4 Things Borrowers Should Know About Hard Money Collateral

Successfully obtaining a hard money loan requires having adequate collateral to offer. Because hard money lending is asset-based, collateral is everything. Collateral is the basis on which approvals are given. A lack thereof virtually guarantees loan denial.

Although hard money lenders have the freedom to lend for any need, nearly all hard money loans fund real estate transactions. As such, the real estate itself acts as collateral for a loan. It needs to be valuable enough to cover the amount being borrowed.

Actium Partners, a Utah hard money lender based in Salt Lake City, explains that lenders assess properties to determine current market value and sale potential. Appraisal value plays a significant role in determining how much a lender can borrow. If a borrower wants more than the property can support, his loan request will most likely be denied.

All of this said, here are four things that borrowers should know about hard money collateral going in:

1. What Lenders Look At

When a lender looks at a piece of property, its current market value is just one aspect. Lenders also look at property condition, location, sale potential, and profit potential. They need to know more than just current market value in case it becomes necessary to recover on a defaulted loan.

Lenders are understandably concerned about how easily they can unload a property. After all, they aren’t interested in being landlords. Should it become necessary, they want to be able to quickly seize and sell a property to recover their money. So if a property’s profit or sale potential are questionable, a loan could be denied.

2. Property Valued Affects Loan Terms

The value of the applicant’s collateral almost always has an effect on loan terms. Remember that collateral is security on a hard money loan, just as a consumer’s estimated ability to repay is collateral on a conventional loan. When a conventional borrower has poor credit, they are subject to less favorable terms. Likewise, a weaker property acting as collateral on a hard money loan generally leads to less favorable terms as well.

3. LTV Ratios Are Much Lower

Loan-to-value ratios (LTVs) on hard money loans tend to be much lower compared to conventional loans. Although LTVs typically run at 65-75% in hard money, 50% is not out of the question. What does this have to do with collateral? Simply put, collateral value directly impacts both LTV and the size of the down payment a borrower will need.

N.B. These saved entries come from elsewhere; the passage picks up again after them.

lemma indep_vars_pair_indicators:
  fixes p :: "nat \<times> nat \<Rightarrow> bool pmf"
  assumes "i < m" "j < m" "i \<noteq> j"
  shows "prob_space.indep_vars (Pi_pmf ({..<n} \<times> {..<m}) False p) (\<lambda>_. borel)
           (\<lambda>l x. ind (x (l, i)) * (1 - ind (x (l, j)))) {..<n}"
proof -
  let ?M = "measure_pmf (Pi_pmf ({..<n} \<times> {..<m}) False p)"
  define K where "K l = {(l, i), (l, j)}" for l :: nat
  define Y where "Y l g = ind (g (l, i)) * (1 - ind (g (l, j)))" for l and g :: "nat \<times> nat \<Rightarrow> bool"
  have "prob_space.indep_vars ?M (\<lambda>_. count_space UNIV) (\<lambda>k x. x k) ({..<n} \<times> {..<m})"
    by (rule indep_vars_Pi_pmf) simp
  then have "prob_space.indep_vars ?M (\<lambda>l. PiM (K l) (\<lambda>_. count_space UNIV))
               (\<lambda>l x. restrict x (K l)) {..<n}"
    by (rule prob_space.indep_vars_restrict[OF measure_pmf.prob_space_axioms])
       (auto simp: K_def assms disjoint_family_on_def)
  then have "prob_space.indep_vars ?M (\<lambda>_. borel) (\<lambda>l x. Y l (restrict x (K l))) {..<n}"
  proof (rule prob_space.indep_vars_compose2[OF measure_pmf.prob_space_axioms])
    fix l
    have "(\<lambda>g. g k) \<in> measurable (PiM (K l) (\<lambda>_. count_space UNIV)) (count_space UNIV)"
      if "k \<in> K l" for k
      using that by (rule measurable_component_singleton)
    then show "Y l \<in> borel_measurable (PiM (K l) (\<lambda>_. count_space UNIV))"
      unfolding Y_def by (simp add: K_def)
  qed
  then show ?thesis
    by (rule prob_space.indep_vars_cong[OF measure_pmf.prob_space_axioms, THEN iffD1, rotated 3])
       (auto simp: Y_def K_def)
qed
(* Let $m\ge2$, $D=\mathrm{diag}(d_1,\dots,d_m)$ with $d_1<\dots<d_m$, $\beta_1,\beta_2$ nonzero reals, $\mathbf v_1,\mathbf v_2\in\mathbb R^m$ (entries $v_{1q},v_{2q}$), with $\{1,\dots,m\}$ partitioned into $J_1,J_2,J_3$ such that $\mathbf v_1$ vanishes on $J_3$ and $\mathbf v_2$ vanishes on $J_1$; let $M=D+\beta_1\mathbf v_1\mathbf v_1^T+\beta_2\mathbf v_2\mathbf v_2^T$ and assume no $d_i$ is an eigenvalue of $M$. Let $j\in\{1,\dots,m-1\}$, $k\in\{1,\dots,m-j\}$. If $g_j^+g_{j+k}^-<0$, then $M$ has exactly $k$ eigenvalues (with multiplicity) in $I_{j,j+k}$. If $g_j^+g_{j+k}^->0$, then $M$ has either $k-1$ or $k+1$ eigenvalues (with multiplicity) in $I_{j,j+k}$. In particular, for $k=1$: $(d_j,d_{j+1})$ contains exactly one eigenvalue if $g_j^+g_{j+1}^-<0$, and zero or two eigenvalues if $g_j^+g_{j+1}^->0$.
   Context: $I_{j,j+k}:=(d_j,d_{j+k})\setminus\{d_{j+1},\dots,d_{j+k-1}\}$. For each $i$, $g_i^+:=-\beta_1\beta_2\sum_{q\neq i}\frac{(v_{1q}v_{2i}-v_{1i}v_{2q})^2}{d_q-d_i}-\beta_1v_{1i}^2-\beta_2v_{2i}^2$ and $g_i^-:=-g_i^+$. (These are the coefficients of $1/\epsilon$ in the secular function $f(\lambda)=\beta_1\beta_2\sum_{q<r}\frac{(v_{1q}v_{2r}-v_{1r}v_{2q})^2}{(\lambda-d_q)(\lambda-d_r)}-\sum_q\frac{\beta_1v_{1q}^2+\beta_2v_{2q}^2}{\lambda-d_q}+1$ at $\lambda=d_i+\epsilon$ and $\lambda=d_i-\epsilon$ respectively, so they give the signs of $f(d_i^+)$ and $f(d_i^-)$.) *)

theory Defs
  imports Complex_Main "Jordan_Normal_Form.Char_Poly"
begin
lemma top_weight_space_spanned:
  assumes "v \<in> Wt lam" and "v \<noteq> 0"
  shows "Wt lam \<subseteq> span {v}"
proof -
  obtain Bs where Bs: "{v} \<subseteq> Bs" "Bs \<subseteq> Wt lam" "independent Bs" "Wt lam \<subseteq> span Bs"
    using maximal_independent_subset_extend[of "{v}" "Wt lam"] assms by auto
  then have "card Bs = 1"
    using top_graded basis_card_eq_dim by (simp add: top_graded_at_def)
  then obtain x where "Bs = {x}"
    by (rule card_1_singletonE)
  then have "Bs = {v}"
    using Bs(1) by simp
  then show ?thesis
    using Bs(4) by simp
qed

lemma top_weight_unique:
  assumes "top_graded_at B mu sc xi lam'"
  shows "lam' = lam"
proof -
  interpret top': top_graded_module B mu sc xp xm xi lam'
    using assms by unfold_locales
  obtain v' where "v' \<in> Wt lam'" "v' \<noteq> 0"
    using top'.top_weight_space_nonzero by blast
  then obtain m where m: "lam' = minus_roots lam m"
    using weight_below_top by blast
  obtain v where "v \<in> Wt lam" "v \<noteq> 0"
    using top_weight_space_nonzero by blast
  then obtain n where "lam = minus_roots lam' n"
    using top'.weight_below_top by blast
  then have "minus_roots lam (m + n) = lam"
    using m by simp
  then have "m = 0"
    by simp
  then show ?thesis
    using m by simp
qed

lemma xp_weight_space_vanish:
  assumes "v \<in> Wt (minus_roots lam m)" and "m i = 0"
  shows "xp i n v = 0"
proof (rule ccontr)
  assume "xp i n v \<noteq> 0"
  then obtain m' where "minus_roots lam m + simple_root i = minus_roots lam m'"
    using weight_below_top xp_weight_space[OF assms(1)] by blast
  then have "(minus_roots lam m + simple_root i) i = minus_roots lam m' i"
    by simp
  then have "lam i + 1 = lam i - of_nat (m' i)"
    using assms(2) by (simp add: minus_roots_def simple_root_def)
  then have "of_nat (Suc (m' i)) = (0 :: complex)"
    by (simp add: algebra_simps)
  then show False
    by (simp only: of_nat_eq_0_iff)
qed

lemma xp_top_weight_space_eq_0: "v \<in> Wt lam \<Longrightarrow> xp i n v = 0"
  using xp_weight_space_vanish[of v 0] by simp

lemma xp_weight_components_eq_0:
  assumes S: "finite S" "\<forall>b\<in>S. f b \<in> Wt b" and "xp i n (sum f S) = 0" and "a \<in> S"
  shows "xp i n (f a) = 0"
proof (rule weight_space_span_disjoint)
  show "xp i n (f a) \<in> Wt (a + simple_root i)"
    using S(2) \<open>a \<in> S\<close> by (simp add: xp_weight_space)
  have "xp i n (f b) \<in> span (\<Union>c\<in>(\<lambda>b. b + simple_root i) ` (S - {a}). Wt c)"
    if "b \<in> S - {a}" for b
    using that S(2) by (intro span_base UN_I[OF imageI[OF that]] xp_weight_space) auto
  then have "(\<Sum>b\<in>S - {a}. xp i n (f b)) \<in> span (\<Union>c\<in>(\<lambda>b. b + simple_root i) ` (S - {a}). Wt c)"
    by (rule span_sum)
  moreover have "xp i n (f a) = - (\<Sum>b\<in>S - {a}. xp i n (f b))"
    using assms(3,4) S(1) by (simp add: xp_sum sum.remove eq_neg_iff_add_eq_0)
  ultimately show "xp i n (f a) \<in> span (\<Union>c\<in>(\<lambda>b. b + simple_root i) ` (S - {a}). Wt c)"
    by (simp only: span_neg)
  show "a + simple_root i \<notin> (\<lambda>b. b + simple_root i) ` (S - {a})"
    by (simp add: image_iff)
qed
context
  fixes lam mu :: "nat \<Rightarrow> real"
  assumes pos: "\<And>n. lam n > 0" "\<And>n. mu n > 0"
begin

lemma bd_rho_pos: "bd_rho lam mu n > 0"
  unfolding bd_rho_def using pos by (intro prod_pos) auto

lemma bd_rho_ratio: "bd_rho lam mu (Suc n) / bd_rho lam mu n = mu (Suc n) / lam (Suc n)"
  using bd_rho_pos[of n] by (simp add: bd_rho_Suc)

lemma bd_weights_nonneg: "0 \<le> lam i / (lam i + mu i)" "0 \<le> mu i / (lam i + mu i)"
  using pos[of i] by simp_all

lemma bd_harmonic_step_iff:
  "lam i / (lam i + mu i) * u + mu i / (lam i + mu i) * v = w
    \<longleftrightarrow> lam i * (w - u) = mu i * (v - w)"
proof -
  have "lam i + mu i \<noteq> 0" using pos[of i] by simp
  have "lam i / (lam i + mu i) * u + mu i / (lam i + mu i) * v = w
      \<longleftrightarrow> (lam i * u + mu i * v) / (lam i + mu i) = w"
    by (simp add: add_divide_distrib)
  also have "\<dots> \<longleftrightarrow> lam i * u + mu i * v = w * (lam i + mu i)"
    using \<open>lam i + mu i \<noteq> 0\<close> by (simp add: divide_eq_eq)
  also have "\<dots> \<longleftrightarrow> lam i * (w - u) = mu i * (v - w)"
    by (simp add: algebra_simps) (rule iffI; linarith)
  finally show ?thesis .
qed

lemma bd_hit_le_superharmonic:
  assumes "\<And>i. 0 \<le> \<phi> i" "1 \<le> \<phi> 0"
    and super: "\<And>i. 0 < i \<Longrightarrow>
      lam i / (lam i + mu i) * \<phi> (Suc i) + mu i / (lam i + mu i) * \<phi> (i - 1) \<le> \<phi> i"
  shows "bd_hit lam mu m i \<le> \<phi> i"
proof (induction m arbitrary: i)
  case 0 then show ?case using assms(1,2) by simp
next
  case (Suc m)
  show ?case
  proof (cases "i = 0")
    case False
    have "lam i / (lam i + mu i) * bd_hit lam mu m (Suc i) \<le> lam i / (lam i + mu i) * \<phi> (Suc i)"
      "mu i / (lam i + mu i) * bd_hit lam mu m (i - 1) \<le> mu i / (lam i + mu i) * \<phi> (i - 1)"
      by (rule mult_left_mono[OF Suc.IH bd_weights_nonneg(1)] mult_left_mono[OF Suc.IH bd_weights_nonneg(2)])+
    then show ?thesis using False super[of i] by (simp only: bd_hit.simps if_False) linarith
  qed (use assms(2) in simp)
qed

lemma bd_hit_bounds: "0 \<le> bd_hit lam mu m i" "bd_hit lam mu m i \<le> 1"
proof -
  show "bd_hit lam mu m i \<le> 1"
    using pos by (intro bd_hit_le_superharmonic) (simp_all add: add_divide_distrib[symmetric])
  show "0 \<le> bd_hit lam mu m i"
  proof (induction m arbitrary: i)
    case (Suc m) then show ?case using pos by (simp add: less_imp_le)
  qed simp
qed

lemma bd_hit_mono: "bd_hit lam mu m i \<le> bd_hit lam mu (Suc m) i"
proof (induction m arbitrary: i)
  case 0 then show ?case using bd_hit_bounds(1)[of "Suc 0" i] by auto
next
  case (Suc m)
  have "lam i / (lam i + mu i) * bd_hit lam mu m (Suc i) \<le> lam i / (lam i + mu i) * bd_hit lam mu (Suc m) (Suc i)"
    "mu i / (lam i + mu i) * bd_hit lam mu m (i - 1) \<le> mu i / (lam i + mu i) * bd_hit lam mu (Suc m) (i - 1)"
    by (rule mult_left_mono[OF Suc.IH bd_weights_nonneg(1)] mult_left_mono[OF Suc.IH bd_weights_nonneg(2)])+
  then show ?case by (simp only: bd_hit.simps) auto
qed
lemma nonneg_poly_clinear:
  assumes Q: "clinear Q" and "nonneg_poly Q S"
  shows "clinear S"
  using assms(2)
proof (induction rule: nonneg_poly.induct)
  case nonneg_poly_0
  then show ?case by (simp add: clinear_def)
next
  case (nonneg_poly_add_monom S c k)
  then show ?case
    by (intro clinear_compose_add clinear_compose_scaleR clinear_funpow Q)
qed

lemma nonneg_poly_nonneg_form:
  assumes Q: "clinear Q" "nonneg_form Q" and "nonneg_poly Q S"
  shows "nonneg_form S"
  using assms(3)
proof (induction rule: nonneg_poly.induct)
  case nonneg_poly_0
  then show ?case by (simp add: nonneg_form_def)
next
  case (nonneg_poly_add_monom S c k)
  then show ?case
    by (intro nonneg_form_add nonneg_form_scaleR nonneg_form_funpow Q)
qed

lemma nonneg_poly_add: "nonneg_poly Q R \<Longrightarrow> nonneg_poly Q S \<Longrightarrow> nonneg_poly Q (\<lambda>x. S x + R x)"
proof (induction rule: nonneg_poly.induct)
  case nonneg_poly_0
  then show ?case by simp
next
  case (nonneg_poly_add_monom R c k)
  have "nonneg_poly Q (\<lambda>x. (S x + R x) + scaleR c ((Q ^^ k) x))"
    using nonneg_poly_add_monom by (intro nonneg_poly.nonneg_poly_add_monom) auto
  then show ?case by (simp add: add.assoc)
qed
definition env_bisim_p :: "envrel_elem set \<Rightarrow> bool" where
  "env_bisim_p X = (env_rel X \<and>
    \<comment> \<open>(1)\<close>
    (\<forall>E t0 t1. Tri E t0 t1 \<in> X \<and> \<not> (is_prog t0 \<and> is_prog t1) \<longrightarrow>
       (\<forall>E0 E1. pure E0 \<and> pure E1 \<and> hat E E0 E1 \<longrightarrow>
          Tri E (Reset (plug E0 t0)) (Reset (plug E1 t1)) \<in> X)) \<and>
    \<comment> \<open>(2)\<close>
    (\<forall>E p0 p1. Tri E p0 p1 \<in> X \<and> is_prog p0 \<and> is_prog p1 \<longrightarrow>
       (\<forall>p0'. red p0 p0' \<and> is_prog p0' \<longrightarrow>
          (\<exists>p1'. reds p1 p1' \<and> is_prog p1' \<and> Tri E p0' p1' \<in> X)) \<and>
       (\<forall>v0. red p0 v0 \<and> is_val v0 \<longrightarrow>
          (\<exists>v1. reds p1 v1 \<and> is_val v1 \<and> Env ({(v0, v1)} \<union> E) \<in> X)) \<and>
       (\<forall>p1'. red p1 p1' \<and> is_prog p1' \<longrightarrow>
          (\<exists>p0'. reds p0 p0' \<and> is_prog p0' \<and> Tri E p0' p1' \<in> X)) \<and>
       (\<forall>v1. red p1 v1 \<and> is_val v1 \<longrightarrow>
          (\<exists>v0. reds p0 v0 \<and> is_val v0 \<and> Env ({(v0, v1)} \<union> E) \<in> X))) \<and>
    \<comment> \<open>(3)\<close>
    (\<forall>E t0 t1 v0 v1. Env E \<in> X \<and> (Lam t0, Lam t1) \<in> E \<and>
        is_val v0 \<and> is_val v1 \<and> tilde E v0 v1 \<longrightarrow>
       Tri E (subst 0 v0 t0) (subst 0 v1 t1) \<in> X))"

definition env_bisimilar_p :: "envrel_elem set" where
  "env_bisimilar_p = \<Union>{X. env_bisim_p X}"

definition bisim_p :: "env \<Rightarrow> trm \<Rightarrow> trm \<Rightarrow> bool" where
  "bisim_p E t0 t1 = (Tri E t0 t1 \<in> env_bisimilar_p)"

end

theory Submission
  imports Defs
begin

text \<open>
  Relate \<open>t\<^sub>0\<close> and \<open>t\<^sub>1\<close> under an environment \<open>E\<close> when \<open>\<langle>F\<^sub>0[t\<^sub>0]\<rangle>\<close> and \<open>\<langle>F\<^sub>1[t\<^sub>1]\<rangle>\<close>
  agree on converging to a value for all \<open>\<widehat>E\<close>-related evaluation contexts, and admit
  \<open>E\<close> itself when all \<open>\<widetilde>E\<close>-related programs agree in this way. Reduction is
  deterministic and closed under evaluation contexts, so a step never changes convergence;
  together with composition of contexts this gives clause (1) and the program steps of
  clause (2), and clause (3) is a single beta step. If \<open>p\<^sub>0\<close> and \<open>p\<^sub>1\<close> reduce to values
  \<open>v\<^sub>0\<close> and \<open>v\<^sub>1\<close>, every pair related by the extended environment has the form
  \<open>(t\<^sub>0{v\<^sub>0/x}, t\<^sub>1{v\<^sub>1/x})\<close> with \<open>t\<^sub>0 \<widetilde>E t\<^sub>1\<close>, and \<open>\<langle>(\<lambda>x. t\<^sub>i) p\<^sub>i\<rangle>\<close> reduces
  to \<open>\<langle>t\<^sub>i{v\<^sub>i/x}\<rangle>\<close>, so the extended environment is admitted as well. Since \<open>\<widehat>\<emptyset>\<close> is
  the identity on closed evaluation contexts, context-equivalent terms are related under \<open>\<emptyset>\<close>.
\<close>

lemma subst_lift [simp]: "subst k s (lift k t) = t"
  by (induction t arbitrary: k s) auto

lemma lift_closed_at: "closed_at n t \<Longrightarrow> n \<le> k \<Longrightarrow> lift k t = t"
  by (induction t arbitrary: n k) auto

lemma lift_closed: "closed t \<Longrightarrow> lift k t = t"
  using lift_closed_at by (simp add: closed_def)

lemma subst_closed_at: "closed_at n t \<Longrightarrow> n \<le> k \<Longrightarrow> subst k s t = t"
  by (induction t arbitrary: n k s) auto

lemma closed_at_mono: "closed_at n t \<Longrightarrow> n \<le> m \<Longrightarrow> closed_at m t"
  by (induction t arbitrary: n m) auto

lemma closed_at_lift: "closed_at n t \<Longrightarrow> closed_at (Suc n) (lift k t)"
  by (induction t arbitrary: n k) auto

If an appraisal of a targeted property values it at $1 million while the lender’s LTV is 65%, the most the lender would be willing to put out is $650,000. The borrower would have to come up with the remaining sum in order to purchase the property.

4. Lenders Don’t Like to See Liens

Finally, hard money lenders do not like to see liens on collateral property. They prefer to be in the first position, but an existing lien would put them in a less desirable position. Second or third position seems very unattractive to most hard money lenders. Those that are still willing to lend are most likely to offer less desirable rates and terms based on lien position.

Collateral truly is everything in the hard money game. It is the basis on which approval decisions are made. Its value, location, and potential all impact loan rates and terms. As a borrower, the strength of your collateral directly correlates to the amount of money you can borrow and the favorability of the rates and terms. High value collateral is good. Low value collateral, not so much.